You find 17-year-old Samuel Sooleymon spending hours on a dirt court in the remote village of Lotta.
His effort seems doomed to make the South Sudan team, which will travel to Washington, D.C., for a showcase tournament. Although his shooting is poor and he’s undersized at 6-foot-2, he is the fastest and best leaper at the tryouts.
The coach sees potential, and Sooley is off to the United States.
But soon his village is ransacked and burned by rebels. His father is killed, and his sister is missing. His mother and two young brothers walk for miles to escape. They finally make it to a refugee camp.
Grisham spends time describing the dire conditions in the enormous tent city, whose source of relief is the work of Doctors Without Borders.

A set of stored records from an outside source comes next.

fun dnf_term_holds :: "('v,'d) assignment \<Rightarrow> ('v,'d) dnf_term \<Rightarrow> bool" where
  "dnf_term_holds \<eta> (v, Some o') = (\<eta> v = Some o')"
| "dnf_term_holds \<eta> (v, None) = (\<eta> v = None)"

fun enc_term :: "('v,'d) dnf_term \<Rightarrow> (('v,'p) fluent, 'd fval, 't) bcatom" where
  "enc_term (v, Some o') = FA (VarF v) (DVal o')"
| "enc_term (v, None) = FA (VarF v) Null"

definition guard_valid :: "('v,'d) datamodel \<Rightarrow> ('v,'d) guard \<Rightarrow> bool" where
  "guard_valid D g \<longleftrightarrow> (\<forall>\<eta>. is_assignment D \<eta> \<longrightarrow> holds D \<eta> g)"

definition admissible_dnf ::
  "('v,'d,'p,'t) dawnet \<Rightarrow> ('t \<Rightarrow> ('v,'d) dnf_term list list) \<Rightarrow> bool" where
  "admissible_dnf W dnf \<longleftrightarrow>
     (\<forall>t\<in>trans W. \<not> guard_valid (dmod W) (gd W t) \<longrightarrow>
        (\<forall>c\<in>set (dnf t). \<forall>x\<in>set c. fst x \<in> vars_of W) \<and>
        (\<forall>\<eta>. is_assignment (dmod W) \<eta> \<longrightarrow>
           (\<not> holds (dmod W) \<eta> (gd W t) \<longleftrightarrow>
            (\<exists>c\<in>set (dnf t). \<forall>x\<in>set c. dnf_term_holds \<eta> x))))"

definition bc_laws ::
  "('v,'d,'p,'t) dawnet \<Rightarrow> ('t \<Rightarrow> ('v,'d) dnf_term list list)
     \<Rightarrow> (('v,'p) fluent, 'd fval, 't) bclaw set" where
  "bc_laws W dnf =
     {Dynamic (Some (FA (VarF v) o')) [FA (VarF v) o'] [FA (VarF v) o'] | v o'.
        v \<in> vars_of W \<and> o' \<in> bc_dom W (VarF v)}
   \<union> {Dynamic (Some (FA (PlaceF p) o')) [FA (PlaceF p) o'] [FA (PlaceF p) o'] | p o'.
        p \<in> places W \<and> o' \<in> {BTrue, BFalse}}
   \<union> {Dynamic (Some (FA (PlaceF p) BFalse)) [AA t] [] | t p.
        t \<in> trans W \<and> p \<in> preset W t - postset W t}
   \<union> {Dynamic (Some (FA (PlaceF p) BTrue)) [AA t] [] | t p.
        t \<in> trans W \<and> p \<in> postset W t - preset W t}
   \<union> {Dynamic (Some (FA (VarF v) (DVal d))) [AA t] [FA (VarF v) (DVal d)] | t v d S.
        t \<in> trans W \<and> wr W t v = Some S \<and> d \<in> S}
   \<union> {Dynamic (Some (FA (VarF v) Null)) [AA t] [] | t v.
        t \<in> trans W \<and> wr W t v = Some {}}
   \<union> {Dynamic None [AA t] [FA (VarF v) d] | t v d S.
        t \<in> trans W \<and> wr W t v = Some S \<and> S \<noteq> {} \<and>
        d \<in> {Null} \<union> DVal ` (adm W v - S)}
   \<union> {Dynamic None [AA t, AA s] [] | t s. t \<in> trans W \<and> s \<in> trans W \<and> t \<noteq> s}
   \<union> {Dynamic None [AA t, FA (PlaceF p) BFalse] [] | t p. t \<in> trans W \<and> p \<in> preset W t}
   \<union> {Dynamic (Some (FA TransF BTrue)) [AA t] [] | t. t \<in> trans W}
   \<union> {Initially (PlaceF (start W)) BTrue}
   \<union> {Initially (PlaceF p) BFalse | p. p \<in> places W \<and> p \<noteq> start W}
   \<union> {Initially (VarF v) Null | v. v \<in> vars_of W}
   \<union> {Initially TransF BTrue}
   \<union> {Dynamic None (AA t # map enc_term c) [] | t c.
        t \<in> trans W \<and> \<not> guard_valid (dmod W) (gd W t) \<and> c \<in> set (dnf t)}"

The reader learns of the difficulties faced by those seeking passage to America, and trials of getting messages and money to loved ones in refugee camps.
Sooley’s coach and mentor talks the coach of North Carolina State into taking a chance on the gifted but raw teenager. He rides the bench for half the season and then becomes a star, leading NC State to the college basketball’s brightest stage.

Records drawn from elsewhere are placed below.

definition shadowing_on :: "'b set \<Rightarrow> ('b \<Rightarrow> 'b \<Rightarrow> real) \<Rightarrow> ('b \<Rightarrow> 'b) \<Rightarrow> bool" where
  "shadowing_on Z dm g \<longleftrightarrow> (\<forall>\<epsilon>>0. \<exists>\<delta>>0. \<forall>z::nat \<Rightarrow> 'b. (\<forall>n. z n \<in> Z) \<longrightarrow>
      (\<forall>n. dm (g (z n)) (z (Suc n)) < \<delta>) \<longrightarrow>
      (\<exists>w\<in>Z. \<forall>n. dm ((g ^^ n) w) (z n) < \<epsilon>))"

end

theory Submission
  imports Defs
begin

text \<open>A pseudo-orbit of the shift is a sequence of orbits \<open>z\<^sub>k\<close> in which \<open>z\<^sub>k(j+1)\<close> is
close to \<open>z\<^sub>k\<^sub>+\<^sub>1(j)\<close> for all \<open>j \<le> M\<close>; summing along diagonals, \<open>z\<^sub>k(i+q)\<close> stays close
to \<open>z\<^sub>k\<^sub>+\<^sub>i(q)\<close>. By compactness, expansivity becomes uniform: orbits that are \<open>c\<close>-close
for \<open>N\<close> steps start \<open>\<gamma>\<close>-close. Openness and upper semicontinuity of \<open>F\<close> give, again
by compactness, a predecessor near \<open>x\<close> for every point near an image of \<open>x\<close>. Starting
from the orbit \<open>z\<^sub>L\<close> and prepending such predecessors, one builds orbits whose \<open>j\<close>-th
point is close to \<open>z\<^sub>j(0)\<close> for \<open>j < L\<close>; a pointwise limit as \<open>L \<rightarrow> \<infinity>\<close> (the set of
orbits is compact) is an orbit \<open>w\<close> with \<open>w(j)\<close> close to \<open>z\<^sub>j(0)\<close> for all \<open>j\<close>, and the
diagonal estimate then makes \<open>\<sigma>\<^sup>k w\<close> close to \<open>z\<^sub>k\<close> in \<open>\<rho>\<close>.\<close>

lemma summable_rho:
  fixes x y :: "nat \<Rightarrow> 'a::metric_space"
  assumes "\<And>n. dist (x n) (y n) \<le> 1"
  shows "summable (\<lambda>n. dist (x n) (y n) / 2 ^ (n + 1))"
proof (rule summable_comparison_test[OF _ sums_summable[OF power_half_series]])
  show "\<exists>N. \<forall>n\<ge>N. norm (dist (x n) (y n) / 2 ^ (n + 1)) \<le> (1/2::real) ^ Suc n"
    using assms by (auto simp: power_one_over divide_right_mono)
qed

lemma dist_div_le_rho:
  fixes x y :: "nat \<Rightarrow> 'a::metric_space"
  assumes "\<And>n. dist (x n) (y n) \<le> 1"
  shows "dist (x j) (y j) / 2 ^ (j + 1) \<le> rho x y"
proof -
  have "(\<Sum>n\<in>{j}. dist (x n) (y n) / 2 ^ (n + 1)) \<le> rho x y"
    unfolding rho_def by (rule sum_le_suminf[OF summable_rho[OF assms]]) auto
  thus ?thesis by simp
qed

lemma dist_lt_of_rho_lt:
  fixes x y :: "nat \<Rightarrow> 'a::metric_space"
  assumes "\<And>n. dist (x n) (y n) \<le> 1" and "rho x y < \<eta> / 2 ^ Suc M" and "j \<le> M"
  shows "dist (x j) (y j) < \<eta>"
proof -
  have "dist (x j) (y j) / 2 ^ Suc M \<le> dist (x j) (y j) / 2 ^ Suc j"
    using assms(3) by (intro divide_left_mono power_increasing) auto
  also have "\<dots> \<le> rho x y"
    using dist_div_le_rho[of x y j] assms(1) by simp
  also have "\<dots> < \<eta> / 2 ^ Suc M"
    by (fact assms(2))
  finally show ?thesis
    by (simp add: divide_less_cancel)
qed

Grisham uses real teams to add believability to the story. I was impressed when he had Oregon beating Kansas in the 2017 tournament.
Grisham told a reviewer that Sooley is roughly based on the life of Mamadi Diakite, a Guinean who plays for the Cleveland Cavaliers.
This is the fourth sports novel by Grisham. In an author’s note he writes he wanted to be a great basketball player but lacked the talent.
Grisham has written at least 50 books, mostly courtroom thrillers. As of 2022, he had written 28 No. 1 bestsellers, so there probably are a lot of basketball players who would love to trade places with him.
I enjoyed “Sooley.” It was easy escapism.